3D printed elements are found not just in the midsole. They also appear in the heel and the upper area of the shoe, where the “Clutchfit Auxetic” design is adapted to the shape and movement of the wearer to provide a precise fit.

AutoDesk

The UA Architech is the first commercially available 3D printed performance trainer, but it’s not the first instance of 3D printing being applied to footwear. It’s a technology that has been tapped by other companies to achieve specific design elements.

In November of last year, New Balance laid claim to the first 3D printed running shoe. Just a month prior, Adidas unveiled its own 3D-printed midsole, made to be molded for an athlete’s foot. Sports manufacturers have been using the technology since at least 2013, when Nike crafted a set of 3D-printed cleats designed to help football players leverage their speed and perform better in the 40-yard dash. 

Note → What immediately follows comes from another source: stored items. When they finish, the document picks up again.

lemma picard_bound_has_integral:
  assumes "0 \<le> t"
  shows "((\<lambda>s. C * picard_bound m s) has_integral picard_bound (Suc m) t) {0..t}"
proof -
  have "((\<lambda>s. C * picard_bound m s) has_integral (picard_bound (Suc m) t - picard_bound (Suc m) 0)) {0..t}"
  proof (rule fundamental_theorem_of_calculus[OF assms])
    fix s :: real
    have "(picard_bound (Suc m) has_real_derivative
        M * C ^ Suc m * (real (Suc (Suc m)) * s ^ Suc m) / fact (Suc (Suc m))) (at s)"
      unfolding picard_bound_def by (intro derivative_eq_intros) auto
    moreover have "M * C ^ Suc m * (real (Suc (Suc m)) * s ^ Suc m) / fact (Suc (Suc m))
        = C * picard_bound m s"
    proof -
      have "M * C ^ Suc m * (real (Suc (Suc m)) * s ^ Suc m) / fact (Suc (Suc m))
          = (real (Suc (Suc m)) * (M * C ^ Suc m * s ^ Suc m)) / (real (Suc (Suc m)) * fact (Suc m))"
        by (simp only: fact_Suc[of "Suc m"] of_nat_mult ac_simps)
      also have "\<dots> = M * C ^ Suc m * s ^ Suc m / fact (Suc m)"
        by (rule mult_divide_mult_cancel_left) simp
      finally show ?thesis unfolding picard_bound_def by (simp add: ac_simps)
    qed
    ultimately show "(picard_bound (Suc m) has_vector_derivative C * picard_bound m s) (at s within {0..t})"
      by (simp add: has_real_derivative_iff_has_vector_derivative[symmetric] has_field_derivative_at_within)
  qed
  then show ?thesis by (simp add: picard_bound_def)
qed

lemma picard_iterate_step_le:
  "0 \<le> t \<Longrightarrow> norm (picard_iterate x0 (Suc m) t - picard_iterate x0 m t) \<le> picard_bound m t"
proof (induction m arbitrary: t)
  case 0
  then show ?case
    using mult_right_mono[OF bounded[of x0] \<open>0 \<le> t\<close>] by (simp add: picard_bound_def mult.commute)
next
  case (Suc m)
  let ?X = "picard_iterate x0"
  have "?X (Suc (Suc m)) t - ?X (Suc m) t = integral {0..t} (\<lambda>s. G (?X (Suc m) s) - G (?X m s))"
    unfolding picard_iterate_Suc_diff
    by (rule integral_diff[OF integrable_G_picard_iterate integrable_G_picard_iterate, symmetric])
  also have "norm \<dots> \<le> integral {0..t} (\<lambda>s. C * picard_bound m s)"
  proof (rule integral_norm_bound_integral)
    show "(\<lambda>s. G (?X (Suc m) s) - G (?X m s)) integrable_on {0..t}"
      by (intro integrable_diff integrable_G_picard_iterate)
    show "(\<lambda>s. C * picard_bound m s) integrable_on {0..t}"
      using picard_bound_has_integral[OF Suc.prems] by blast
    fix s assume s: "s \<in> {0..t}"
    have "norm (G (?X (Suc m) s) - G (?X m s)) \<le> C * norm (?X (Suc m) s - ?X m s)"
      by (rule lipschitz)
    also have "\<dots> \<le> C * picard_bound m s" using Suc.IH[of s] s C_nonneg by (auto intro: mult_left_mono)
    finally show "norm (G (?X (Suc m) s) - G (?X m s)) \<le> C * picard_bound m s" .
  qed
  also have "\<dots> = picard_bound (Suc m) t"
    using picard_bound_has_integral[OF Suc.prems] by (rule integral_unique)
  finally show ?case .
qed

lemma summable_picard_bound:
  assumes "0 \<le> b"
  shows "summable (\<lambda>m. picard_bound m b)"
proof (rule summable_comparison_test')
  show "summable (\<lambda>m. M * b * (inverse (fact m) * (C * b) ^ m))"
    by (intro summable_mult summable_exp)
  fix m :: nat
  have "fact m \<le> (fact (Suc m) :: real)" by (rule fact_mono) simp
  then have "M * b * (C * b) ^ m / fact (Suc m) \<le> M * b * (C * b) ^ m / fact m"
    using M_nonneg assms C_nonneg by (intro divide_left_mono) auto
  then show "norm (picard_bound m b) \<le> M * b * (inverse (fact m) * (C * b) ^ m)"
    unfolding picard_bound_def using M_nonneg assms C_nonneg by (simp add: power_mult_distrib field_simps)
qed

lemma picard_iterate_uniform_limit:
  obtains x where "\<And>b. 0 \<le> b \<Longrightarrow> uniform_limit {0..b} (picard_iterate x0) x sequentially"
proof -
  define d where "d m t = picard_iterate x0 (Suc m) t - picard_iterate x0 m t" for m t
  have telescope: "picard_iterate x0 m t = x0 + (\<Sum>i<m. d i t)" for m t
    unfolding d_def using sum_lessThan_telescope[of "\<lambda>i. picard_iterate x0 i t" m] by simp
  have "uniform_limit {0..b} (\<lambda>m t. \<Sum>i<m. d i t) (\<lambda>t. \<Sum>i. d i t) sequentially" if b: "0 \<le> b" for b
  proof (rule Weierstrass_m_test[OF _ summable_picard_bound[OF b]])
    fix m t assume t: "t \<in> {0..b}"
    have "norm (d m t) \<le> picard_bound m t" unfolding d_def using picard_iterate_step_le t by simp
    also have "\<dots> \<le> picard_bound m b" unfolding picard_bound_def using t M_nonneg C_nonneg
      by (intro divide_right_mono mult_left_mono power_mono) auto
    finally show "norm (d m t) \<le> picard_bound m b" .
  qed
  then have "uniform_limit {0..b} (picard_iterate x0) (\<lambda>t. x0 + (\<Sum>i. d i t)) sequentially"
    if "0 \<le> b" for b
    unfolding telescope[abs_def] using that by (intro uniform_limit_intros) auto
  then show thesis using that by blast
qed

lemma uniform_limit_G_comp:
  assumes "uniform_limit A X x F"
  shows "uniform_limit A (\<lambda>m s. G (X m s)) (\<lambda>s. G (x s)) F"
  unfolding uniform_limit_iff
proof (intro allI impI)
  fix e :: real assume "e > 0"
  then have "\<forall>\<^sub>F m in F. \<forall>t\<in>A. dist (X m t) (x t) < e / (C + 1)"
    using assms C_nonneg unfolding uniform_limit_iff by (auto simp: add_nonneg_pos)
  then show "\<forall>\<^sub>F m in F. \<forall>t\<in>A. dist (G (X m t)) (G (x t)) < e"
  proof (rule eventually_mono, intro ballI)
    fix m t assume close: "\<forall>t\<in>A. dist (X m t) (x t) < e / (C + 1)" and "t \<in> A"
    have "dist (G (X m t)) (G (x t)) \<le> C * dist (X m t) (x t)"
      using lipschitz by (simp add: dist_norm)
    also have "\<dots> \<le> C * (e / (C + 1))"
      using close \<open>t \<in> A\<close> C_nonneg by (intro mult_left_mono) (auto intro: less_imp_le)
    also have "\<dots> < e" using C_nonneg \<open>e > 0\<close> by (simp add: field_simps)
    finally show "dist (G (X m t)) (G (x t)) < e" .
  qed
qed

lemma flow_exists:
  obtains x where "x 0 = x0" "\<And>t. t \<ge> 0 \<Longrightarrow> (x has_vector_derivative G (x t)) (at t within {0..})"
proof -
  let ?X = "picard_iterate x0"
  obtain x where lim: "\<And>b. 0 \<le> b \<Longrightarrow> uniform_limit {0..b} ?X x sequentially"
    using picard_iterate_uniform_limit by blast
  have cont_Gx: "continuous_on {0..b} (\<lambda>s. G (x s))" if "0 \<le> b" for b
    using uniform_limit_theorem[OF _ lim[OF that]] continuous_on_picard_iterate
    by (intro continuous_on_G_comp) auto
  have lim_G: "uniform_limit {0..b} (\<lambda>m s. G (?X m s)) (\<lambda>s. G (x s)) sequentially"
    if "0 \<le> b" for b
    by (rule uniform_limit_G_comp[OF lim[OF that]])
  have integral_eq: "x t = x0 + integral {0..t} (\<lambda>s. G (x s))" if t: "0 \<le> t" for t
  proof -
    obtain I J where I: "\<And>m. ((\<lambda>s. G (?X m s)) has_integral I m) {0..t}"
      and J: "((\<lambda>s. G (x s)) has_integral J) {0..t}" and IJ: "I \<longlonglongrightarrow> J"
      by (rule uniform_limit_integral[OF lim_G[OF t] continuous_on_G_comp[OF continuous_on_picard_iterate]])
         auto
    have "?X (Suc m) t = x0 + I m" for m using integral_unique[OF I[of m]] by simp
    then have "(\<lambda>m. ?X (Suc m) t) \<longlonglongrightarrow> x0 + J" using IJ by (simp add: tendsto_add_const_iff)
    moreover have "(\<lambda>m. ?X (Suc m) t) \<longlonglongrightarrow> x t"
      using LIMSEQ_Suc[OF tendsto_uniform_limitI[OF lim[OF t], of t]] t by simp
    ultimately have "x t = x0 + J" by (rule LIMSEQ_unique[rotated])
    then show ?thesis using J by (simp add: integral_unique)
  qed
  show thesis
  proof
    show "x 0 = x0" using integral_eq[of 0] by simp
    show "(x has_vector_derivative G (x t)) (at t within {0..})" if "t \<ge> 0" for t
      by (rule has_vector_derivative_integral_equation[OF cont_Gx integral_eq that])
  qed
qed

end

definition ball_cutoff :: "real \<Rightarrow> 'a::real_normed_vector \<Rightarrow> real" where
  "ball_cutoff r x = max 0 (min 1 (r - norm x))"

lemma ball_cutoff_bounds: "0 \<le> ball_cutoff r x" "ball_cutoff r x \<le> 1"
  unfolding ball_cutoff_def by auto

lemma ball_cutoff_lipschitz: "\<bar>ball_cutoff r x - ball_cutoff r y\<bar> \<le> norm (x - y)"
  using norm_triangle_ineq3[of x y] unfolding ball_cutoff_def by (simp add: abs_le_iff max_def min_def)

lemma ball_cutoff_eq_0: "r < norm x \<Longrightarrow> ball_cutoff r x = 0"
  unfolding ball_cutoff_def by auto

lemma ball_cutoff_eq_1: "norm x \<le> r - 1 \<Longrightarrow> ball_cutoff r x = 1"
  unfolding ball_cutoff_def by auto

lemma cutoff_bounded_lipschitz_field:
  fixes G :: "'a::euclidean_space \<Rightarrow> 'a"
  assumes lip: "C-lipschitz_on (cball 0 r) G"
    and bound: "\<And>x. x \<in> cball 0 r \<Longrightarrow> norm (G x) \<le> M" and "0 \<le> M"
  shows "bounded_lipschitz_field (\<lambda>x. ball_cutoff r x *\<^sub>R G x) (C + M) M"
proof -
  let ?\<phi> = "ball_cutoff r"
  have "0 \<le> C" using lip lipschitz_on_nonneg by blast
  have lip_inside: "norm (?\<phi> x *\<^sub>R G x - ?\<phi> y *\<^sub>R G y) \<le> (C + M) * norm (x - y)"
    if "norm x \<le> r" for x y
  proof (cases "norm y \<le> r")
    case True
    have "?\<phi> x *\<^sub>R G x - ?\<phi> y *\<^sub>R G y = (?\<phi> x - ?\<phi> y) *\<^sub>R G x + ?\<phi> y *\<^sub>R (G x - G y)"
      by (simp add: algebra_simps)
    then have "norm (?\<phi> x *\<^sub>R G x - ?\<phi> y *\<^sub>R G y) \<le> \<bar>?\<phi> x - ?\<phi> y\<bar> * norm (G x) + ?\<phi> y * norm (G x - G y)"
      using ball_cutoff_bounds[of r y] by (metis abs_of_nonneg norm_scaleR norm_triangle_ineq)
    also have "\<dots> \<le> norm (x - y) * M + 1 * (C * norm (x - y))"
      using ball_cutoff_lipschitz[of r x y] bound[of x] that ball_cutoff_bounds[of r y]
        lipschitz_on_normD[OF lip, of x y] True
      by (intro add_mono mult_mono) auto
    finally show ?thesis by (simp add: algebra_simps)
  next
    case False
    then have "norm (?\<phi> x *\<^sub>R G x - ?\<phi> y *\<^sub>R G y) = \<bar>?\<phi> x - ?\<phi> y\<bar> * norm (G x)"
      using ball_cutoff_eq_0[of r y] ball_cutoff_bounds[of r x] by simp
    also have "\<dots> \<le> norm (x - y) * M"
      using ball_cutoff_lipschitz[of r x y] bound[of x] that by (intro mult_mono) auto
    also have "\<dots> \<le> (C + M) * norm (x - y)" using \<open>0 \<le> C\<close> by (simp add: algebra_simps)
    finally show ?thesis .
  qed
  show ?thesis
  proof unfold_locales
    fix x y :: 'a
    show "norm (?\<phi> x *\<^sub>R G x - ?\<phi> y *\<^sub>R G y) \<le> (C + M) * norm (x - y)"
    proof (cases "norm x \<le> r \<or> norm y \<le> r")
      case True
      then show ?thesis using lip_inside[of x y] lip_inside[of y x] by (metis norm_minus_commute)
    next
      case False
      then show ?thesis using ball_cutoff_eq_0[of r x] ball_cutoff_eq_0[of r y] \<open>0 \<le> C\<close> \<open>0 \<le> M\<close> by simp
    qed
    show "norm (?\<phi> x *\<^sub>R G x) \<le> M"
    proof (cases "norm x \<le> r")
      case True
      then show ?thesis
        using ball_cutoff_bounds[of r x] bound[of x] mult_mono[of "?\<phi> x" 1 "norm (G x)" M] by simp
    qed (use ball_cutoff_eq_0[of r x] \<open>0 \<le> M\<close> in simp)
  qed (use \<open>0 \<le> C\<close> \<open>0 \<le> M\<close> in simp)
qed

section \<open>Gradient flows of functions with locally Lipschitz gradient\<close>

locale gradient_system =
  fixes f :: "'a::euclidean_space \<Rightarrow> real" and G :: "'a \<Rightarrow> 'a"
  assumes has_gradient: "\<And>x. GDERIV f x :> G x"
    and bounded_lipschitz_gradient: "\<And>A. bounded A \<Longrightarrow> bounded_lipschitz_on A G"
begin

lemma isCont_f: "isCont f x"
  using has_gradient[of x] unfolding gderiv_def by (rule has_derivative_continuous)

lemma isCont_G: "isCont G x"
  by (rule isCont_if_bounded_lipschitz_on[OF bounded_lipschitz_gradient])

lemma grad_flow_iff:
  "grad_flow f mu mu0 \<longleftrightarrow> mu 0 = mu0 \<and> (\<forall>t\<ge>0. (mu has_vector_derivative - G (mu t)) (at t within {0..}))"
  unfolding grad_flow_def using GDERIV_unique has_gradient by blast

lemma grad_flow_has_vector_derivative:
  "grad_flow f mu mu0 \<Longrightarrow> t \<ge> 0 \<Longrightarrow> (mu has_vector_derivative - G (mu t)) (at t within {0..})"
  unfolding grad_flow_iff by blast

lemma grad_flow_energy_has_derivative:
  "grad_flow f mu mu0 \<Longrightarrow> t \<ge> 0 \<Longrightarrow>
    ((\<lambda>t. f (mu t)) has_real_derivative - (G (mu t) \<bullet> G (mu t))) (at t within {0..})"
  using GDERIV_chain_vector[OF has_gradient grad_flow_has_vector_derivative] by simp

Under Armour’s new shoes, especially when considered in tandem with the extraordinarily popular AutoDesk software used to help create it, presents new possibilities for the future of footwear. The possibility for true personalization—not just picking out the size and color of a shoe, but getting a real, custom fit—could provide new value to athletes of all experience levels.

“One of the real benefits of 3D printing is that it will allow for an era of mass customization,” Davis said. “Meaning that every individual consumer could have a custom designed shoe just for them, based on their height, weight, athletic needs.”

While he holds that the largest value for 3D printing will be in commercial and industrial uses, Davis did say that his company’s tools could play a role in increasing consumer choice. He explained that a person could use the same generative design technology that crafted the lattice midsole for the UA Architech to produce a shoe completely designed for an individual wearer.

“We imagine that the printing itself will still likely occur in a commercial setting for the foreseeable future, but at some point in the future it could in theory be done at home,” Davis said.

You can’t print out Under Armour’s first set of 3D-printed shoes for the time being, but they will be appearing in stores in the near future. A limited run of 96 pairs of the UA Architechs will be available through Under Armour’s website and at its corporate headquarters in Baltimore Friday. The shoes will run $300.